──────── Data provided ────────

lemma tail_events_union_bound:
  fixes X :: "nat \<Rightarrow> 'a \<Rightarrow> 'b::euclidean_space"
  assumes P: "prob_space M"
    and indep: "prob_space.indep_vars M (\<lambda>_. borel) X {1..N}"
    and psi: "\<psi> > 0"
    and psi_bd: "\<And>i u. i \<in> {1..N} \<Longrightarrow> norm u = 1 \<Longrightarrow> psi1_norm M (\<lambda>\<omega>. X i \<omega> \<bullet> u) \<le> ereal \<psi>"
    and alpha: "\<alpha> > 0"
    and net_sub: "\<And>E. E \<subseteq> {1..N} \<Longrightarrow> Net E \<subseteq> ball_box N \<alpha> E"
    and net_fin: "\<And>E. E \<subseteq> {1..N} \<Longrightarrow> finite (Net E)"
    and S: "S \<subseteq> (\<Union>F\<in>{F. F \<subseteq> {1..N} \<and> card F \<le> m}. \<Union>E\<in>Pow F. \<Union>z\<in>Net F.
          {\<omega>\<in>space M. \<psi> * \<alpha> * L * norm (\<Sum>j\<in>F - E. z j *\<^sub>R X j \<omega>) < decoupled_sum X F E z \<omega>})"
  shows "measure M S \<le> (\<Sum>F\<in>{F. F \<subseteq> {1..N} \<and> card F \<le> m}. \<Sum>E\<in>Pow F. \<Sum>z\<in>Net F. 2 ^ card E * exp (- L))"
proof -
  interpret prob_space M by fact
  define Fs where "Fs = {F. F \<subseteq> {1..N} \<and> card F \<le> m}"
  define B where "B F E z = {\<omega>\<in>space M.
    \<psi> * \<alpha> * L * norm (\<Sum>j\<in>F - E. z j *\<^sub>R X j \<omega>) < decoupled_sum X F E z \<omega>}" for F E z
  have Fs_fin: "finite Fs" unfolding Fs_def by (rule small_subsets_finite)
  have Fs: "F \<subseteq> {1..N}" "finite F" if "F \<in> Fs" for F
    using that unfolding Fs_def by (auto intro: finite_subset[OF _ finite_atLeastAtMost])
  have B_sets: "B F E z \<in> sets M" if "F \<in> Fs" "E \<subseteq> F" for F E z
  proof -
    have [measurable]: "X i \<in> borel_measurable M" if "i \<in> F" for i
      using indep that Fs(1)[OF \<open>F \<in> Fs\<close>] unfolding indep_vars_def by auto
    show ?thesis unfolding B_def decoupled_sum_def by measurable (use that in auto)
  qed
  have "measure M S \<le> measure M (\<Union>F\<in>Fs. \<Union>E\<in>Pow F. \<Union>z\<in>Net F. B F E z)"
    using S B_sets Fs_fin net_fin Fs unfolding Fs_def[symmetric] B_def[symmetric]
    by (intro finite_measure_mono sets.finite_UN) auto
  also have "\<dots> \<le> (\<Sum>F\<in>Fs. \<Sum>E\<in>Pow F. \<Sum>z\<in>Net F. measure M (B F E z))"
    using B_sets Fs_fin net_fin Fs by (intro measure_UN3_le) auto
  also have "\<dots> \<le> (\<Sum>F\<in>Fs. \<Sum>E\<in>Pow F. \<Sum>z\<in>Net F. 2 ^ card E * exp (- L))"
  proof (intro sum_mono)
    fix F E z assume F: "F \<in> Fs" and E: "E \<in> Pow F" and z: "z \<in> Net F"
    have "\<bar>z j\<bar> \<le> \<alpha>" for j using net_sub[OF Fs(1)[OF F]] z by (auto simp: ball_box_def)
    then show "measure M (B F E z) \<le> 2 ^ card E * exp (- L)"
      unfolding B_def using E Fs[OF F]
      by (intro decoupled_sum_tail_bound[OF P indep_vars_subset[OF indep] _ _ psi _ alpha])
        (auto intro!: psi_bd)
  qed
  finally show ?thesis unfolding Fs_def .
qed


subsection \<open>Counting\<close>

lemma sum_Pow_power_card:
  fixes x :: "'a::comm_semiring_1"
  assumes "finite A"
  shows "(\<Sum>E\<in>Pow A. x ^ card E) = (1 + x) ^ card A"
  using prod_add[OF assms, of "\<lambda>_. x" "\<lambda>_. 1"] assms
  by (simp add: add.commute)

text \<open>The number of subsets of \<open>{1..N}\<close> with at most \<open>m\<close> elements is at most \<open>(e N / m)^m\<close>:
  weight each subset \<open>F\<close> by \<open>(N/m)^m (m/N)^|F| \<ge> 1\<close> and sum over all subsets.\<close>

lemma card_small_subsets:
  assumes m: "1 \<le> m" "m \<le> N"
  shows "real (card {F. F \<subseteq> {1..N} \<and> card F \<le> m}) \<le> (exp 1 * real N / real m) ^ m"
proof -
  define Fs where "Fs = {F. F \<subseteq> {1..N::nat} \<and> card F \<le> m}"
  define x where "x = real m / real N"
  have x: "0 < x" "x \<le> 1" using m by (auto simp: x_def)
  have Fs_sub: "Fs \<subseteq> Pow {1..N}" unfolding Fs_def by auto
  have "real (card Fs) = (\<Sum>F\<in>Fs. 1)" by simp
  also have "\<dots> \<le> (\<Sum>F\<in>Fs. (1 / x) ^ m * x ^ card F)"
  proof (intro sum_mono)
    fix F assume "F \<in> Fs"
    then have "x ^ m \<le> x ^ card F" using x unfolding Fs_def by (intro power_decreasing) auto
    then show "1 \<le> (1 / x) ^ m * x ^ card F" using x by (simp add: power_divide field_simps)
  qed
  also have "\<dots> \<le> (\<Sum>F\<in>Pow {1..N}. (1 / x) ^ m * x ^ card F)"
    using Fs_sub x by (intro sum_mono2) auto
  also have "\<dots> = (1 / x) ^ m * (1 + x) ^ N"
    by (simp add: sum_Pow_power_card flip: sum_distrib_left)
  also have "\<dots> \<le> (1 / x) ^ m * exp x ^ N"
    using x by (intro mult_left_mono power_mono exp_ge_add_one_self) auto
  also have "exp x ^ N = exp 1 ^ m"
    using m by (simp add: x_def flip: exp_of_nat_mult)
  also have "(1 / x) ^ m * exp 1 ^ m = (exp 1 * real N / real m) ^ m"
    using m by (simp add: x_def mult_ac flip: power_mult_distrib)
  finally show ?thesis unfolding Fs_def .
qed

────────

*What is required*. Work through the records line by line and tally those with the word "omega". Report only the total.

*Output below*. 4